THEY say the twin pitfalls of age are garrulity and melancholy.

But it is easy to imagine waking with a backache and a stomach making noises like a Ford Prefect trying to start on a cold, damp morning, to imagine that we are sleepwalking our way into some dark vision of the near future.

It is true most people are deeply uneasy about the inability of the law to deal with criminals, especially juvenile offenders.

Absurd and excessive liberalism has allowed a nation's police force to be run ragged by a generation of over-indulged adolescents.

It is hardly surprising, considering the wearily repetitious and absurdly lenient slap on the wrist dispensed by the courts, that the police have all but given up in some areas, simply going through the motions of pursuing juvenile offenders, concentrating their resources to combat more serious felony.

One columnist advocated the right to bear arms against the criminal, quoting the low levels of burglary in certain states in America where there is a high level of gun ownership.

This depressingly blinkered view gives substance to the dyspeptic nightmare of our nation descending into lawlessness.
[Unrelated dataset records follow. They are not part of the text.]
(* Let $H$ be a CAT($-1$) space and let $\gamma_1,\gamma_2:[0,\infty)\to H$ be unit speed geodesic rays with $\gamma_1(\infty)=\gamma_2(\infty)=\zeta\in\partial H$. Set $d=d(\gamma_1(0),\gamma_2(0))$ and $\rho=\rho_\zeta(\gamma_1(0),\gamma_2(0))$. Then for all $s,t\geq 0$, $$d(\gamma_1(s),\gamma_2(t))\leq\cosh^{-1}\left(\frac{\cosh(d)-\cosh(\rho)}{e^{t+s}}+\cosh(\rho+s-t)\right).$$ Moreover, if $\rho=0$ and $d>0$, then for all $t\geq0$, $$d(\gamma_1(t),\gamma_2(t))\leq 2\sinh^{-1}\left(\sinh(d/2)e^{-t}\right)\leq\begin{cases} d-\frac{2}{d}\left(e^{-d}+d-1\right)t & 0\leq t\leq\frac d2,\\ 2\sinh\left(\frac d2\right)e^{-t} & t>\frac d2.\end{cases}$$
   Context: $\partial H$ is the geodesic boundary of $H$. The Busemann function is $\rho_\zeta(p,q)=\lim_{z\to\zeta}(d(q,z)-d(p,z))$. *)

theory Defs
  imports "HOL-Analysis.Analysis"
begin

text \<open>The hyperbolic plane (model space of curvature -1), upper half-plane model.\<close>

definition H2dist :: "complex \<Rightarrow> complex \<Rightarrow> real" where
  "H2dist z w = arcosh (1 + (cmod (z - w))\<^sup>2 / (2 * Im z * Im w))"

definition geodesic_segment :: "(real \<Rightarrow> 'a::metric_space) \<Rightarrow> 'a \<Rightarrow> 'a \<Rightarrow> bool" where
  "geodesic_segment c x y \<longleftrightarrow> c 0 = x \<and> c (dist x y) = y \<and>
     (\<forall>s\<in>{0..dist x y}. \<forall>t\<in>{0..dist x y}. dist (c s) (c t) = \<bar>s - t\<bar>)"

definition geodesic_space :: "'a::metric_space itself \<Rightarrow> bool" where
  "geodesic_space _ \<longleftrightarrow> (\<forall>x y::'a. \<exists>c. geodesic_segment c x y)"

text \<open>Pairs (point on the side c from x to y, its comparison point on the side from a to b of
  a comparison triangle in the hyperbolic plane).\<close>

definition comparison_pairs ::
  "(real \<Rightarrow> 'a::metric_space) \<Rightarrow> 'a \<Rightarrow> 'a \<Rightarrow> complex \<Rightarrow> complex \<Rightarrow> ('a \<times> complex) set" where
  "comparison_pairs c x y a b =
     {(c s, pb) | s pb. s \<in> {0..dist x y} \<and> Im pb > 0 \<and>
                        H2dist a pb = s \<and> H2dist pb b = dist x y - s}"

definition CAT_minus1 :: "'a::metric_space itself \<Rightarrow> bool" where
  "CAT_minus1 T \<longleftrightarrow> geodesic_space T \<and>
     (\<forall>(x::'a) y z cxy cyz czx a b c.
        geodesic_segment cxy x y \<and> geodesic_segment cyz y z \<and> geodesic_segment czx z x \<and>
        Im a > 0 \<and> Im b > 0 \<and> Im c > 0 \<and>
        H2dist a b = dist x y \<and> H2dist b c = dist y z \<and> H2dist c a = dist z x \<longrightarrow>
        (let P = comparison_pairs cxy x y a b \<union> comparison_pairs cyz y z b c
                 \<union> comparison_pairs czx z x c a
         in \<forall>(p, pb)\<in>P. \<forall>(q, qb)\<in>P. dist p q \<le> H2dist pb qb))"

definition geodesic_ray :: "(real \<Rightarrow> 'a::metric_space) \<Rightarrow> bool" where
  "geodesic_ray g \<longleftrightarrow> (\<forall>s\<ge>0. \<forall>t\<ge>0. dist (g s) (g t) = \<bar>s - t\<bar>)"

text \<open>Two rays define the same point of the geodesic boundary iff they are asymptotic.\<close>

definition same_endpoint :: "(real \<Rightarrow> 'a::metric_space) \<Rightarrow> (real \<Rightarrow> 'a) \<Rightarrow> bool" where
  "same_endpoint g1 g2 \<longleftrightarrow> (\<exists>B. \<forall>t\<ge>0. dist (g1 t) (g2 t) \<le> B)"

text \<open>Busemann function rho_zeta(p,q) = lim_{z -> zeta} (d(q,z) - d(p,z)), where zeta is the
  endpoint of the ray g; the limit is taken along the ray.\<close>

definition busemann :: "(real \<Rightarrow> 'a::metric_space) \<Rightarrow> 'a \<Rightarrow> 'a \<Rightarrow> real" where
  "busemann g p q = Lim at_top (\<lambda>t. dist q (g t) - dist p (g t))"

end

theory Submission
  imports Defs "HOL-Real_Asymp.Real_Asymp"
begin

text \<open>Fix \<open>s, t\<close> and let \<open>U \<rightarrow> \<infinity>\<close>. Let \<open>\<sigma>\<^sub>U\<close> be the geodesic from \<open>\<gamma>\<^sub>2(0)\<close> to \<open>\<gamma>\<^sub>1(U)\<close>
  and \<open>L = d(\<gamma>\<^sub>2(0), \<gamma>\<^sub>1(U))\<close>, so that \<open>L - U \<rightarrow> \<rho>\<close>. Comparison with the hyperbolic triangle with
  vertices \<open>\<gamma>\<^sub>1(0), \<gamma>\<^sub>1(U), \<gamma>\<^sub>2(0)\<close>, taken in the angle form of the CAT(-1) inequality at
  \<open>\<gamma>\<^sub>1(U)\<close>, bounds \<open>cosh d(\<gamma>\<^sub>1(s), \<sigma>\<^sub>U(t))\<close> by an expression in \<open>d, U, L\<close> whose limit is
  the claimed right-hand side, because \<open>sinh(U - s)/sinh U \<rightarrow> e\<^sup>-\<^sup>s\<close>. Comparison at the vertex
  \<open>\<gamma>\<^sub>2(0)\<close> of the triangle \<open>\<gamma>\<^sub>2(0), \<gamma>\<^sub>1(U), \<gamma>\<^sub>2(U)\<close> shows \<open>\<sigma>\<^sub>U(t) \<rightarrow> \<gamma>\<^sub>2(t)\<close>, since
  \<open>d(\<gamma>\<^sub>1(U), \<gamma>\<^sub>2(U))\<close> stays bounded while \<open>sinh L sinh U \<rightarrow> \<infinity>\<close>.

  For \<open>\<rho> = 0\<close> and \<open>s = t\<close> the bound equals \<open>2 arsinh(sinh(d/2) e\<^sup>-\<^sup>t)\<close>, a convex function of
  \<open>t\<close>: on \<open>[0, d/2]\<close> it lies below its chord, and beyond that \<open>arsinh x \<le> x\<close> suffices.\<close>

text \<open>Geodesic polar coordinates about \<open>\<i>\<close> in the upper half-plane: \<open>H2_polar r \<theta>\<close> lies at
  distance \<open>r\<close> from \<open>\<i>\<close>, on the geodesic leaving \<open>\<i>\<close> at angle \<open>\<theta>\<close> to the upward imaginary axis.\<close>

definition H2_polar :: "real \<Rightarrow> real \<Rightarrow> complex" where
  "H2_polar r \<theta> =
     Complex (sinh r * sin \<theta> / (cosh r - sinh r * cos \<theta>)) (1 / (cosh r - sinh r * cos \<theta>))"

lemma H2_polar_denom_pos:
  fixes r \<theta> :: real
  shows "cosh r - sinh r * cos \<theta> > 0"
proof -
  have "\<bar>sinh r * cos \<theta>\<bar> \<le> \<bar>sinh r\<bar>"
    by (simp add: abs_mult mult_left_le)
  moreover have "\<bar>sinh r\<bar> < cosh r"
    using sinh_less_cosh_real[of r] sinh_less_cosh_real[of "- r"] by (simp add: abs_less_iff)
  ultimately show ?thesis by linarith
qed

lemma Im_H2_polar_pos: "Im (H2_polar r \<theta>) > 0"
  using H2_polar_denom_pos[of r \<theta>] by (simp add: H2_polar_def)

lemma H2_polar_0: "H2_polar 0 \<theta> = H2_polar 0 0"
  by (simp add: H2_polar_def)

lemma cosh_H2dist:
  assumes "Im z > 0" "Im w > 0"
  shows "cosh (H2dist z w) = 1 + (cmod (z - w))\<^sup>2 / (2 * Im z * Im w)"
  using assms by (simp add: H2dist_def)

lemma H2dist_nonneg:
  assumes "Im z > 0" "Im w > 0"
  shows "H2dist z w \<ge> 0"
  using assms by (simp add: H2dist_def)

lemma cosh_H2dist_H2_polar:
  "cosh (H2dist (H2_polar r1 \<theta>1) (H2_polar r2 \<theta>2))
     = cosh r1 * cosh r2 - sinh r1 * sinh r2 * cos (\<theta>1 - \<theta>2)"
proof -
  define D1 D2 where "D1 = cosh r1 - sinh r1 * cos \<theta>1" and "D2 = cosh r2 - sinh r2 * cos \<theta>2"
  define X where "X = cosh r1 * cosh r2 - sinh r1 * sinh r2 * cos (\<theta>1 - \<theta>2)"
  have pos: "D1 > 0" "D2 > 0"
    using H2_polar_denom_pos[of r1 \<theta>1] H2_polar_denom_pos[of r2 \<theta>2]
    by (simp_all add: D1_def D2_def)
  have "H2_polar r1 \<theta>1 = Complex (sinh r1 * sin \<theta>1 / D1) (1 / D1)"
    "H2_polar r2 \<theta>2 = Complex (sinh r2 * sin \<theta>2 / D2) (1 / D2)"
    by (simp_all add: H2_polar_def D1_def D2_def)
  then have "(cmod (H2_polar r1 \<theta>1 - H2_polar r2 \<theta>2))\<^sup>2
      = ((sinh r1 * sin \<theta>1 * D2 - sinh r2 * sin \<theta>2 * D1)\<^sup>2 + (D2 - D1)\<^sup>2) / (D1 * D2)\<^sup>2"
    unfolding cmod_power2 using pos by (simp add: field_simps power2_eq_square)
  also have "\<dots> = 2 * (D1 * D2) * (X - 1) / (D1 * D2)\<^sup>2"
    unfolding D1_def D2_def X_def cos_diff
    using cosh_square_eq[of r1] cosh_square_eq[of r2] sin_cos_squared_add[of \<theta>1]
      sin_cos_squared_add[of \<theta>2]
    by algebra
  finally have "(cmod (H2_polar r1 \<theta>1 - H2_polar r2 \<theta>2))\<^sup>2 = 2 * (X - 1) / (D1 * D2)"
    using pos by (simp add: power2_eq_square)
  moreover have "2 * Im (H2_polar r1 \<theta>1) * Im (H2_polar r2 \<theta>2) = 2 / (D1 * D2)"
    by (simp add: H2_polar_def D1_def D2_def)
  ultimately show ?thesis
    using pos by (simp add: cosh_H2dist Im_H2_polar_pos X_def) (simp add: field_simps)
qed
But what is unacceptable is the disproportionate leniency of the courts towards those who are maliciously culpable of death, especially of those guilty of the abomination of causing death to children through mistreatment and abuse, and the hypocritical, draconian sentences passed on those who had the temerity to relieve the state or individual of their disparate wealth of possessions.

The law brings disrepute upon itself, and demeans the office of the enforcer. With an unprecedented tide of drugs and handguns flooding into the country, and current expectation of a huge influx of heroin, the police need support.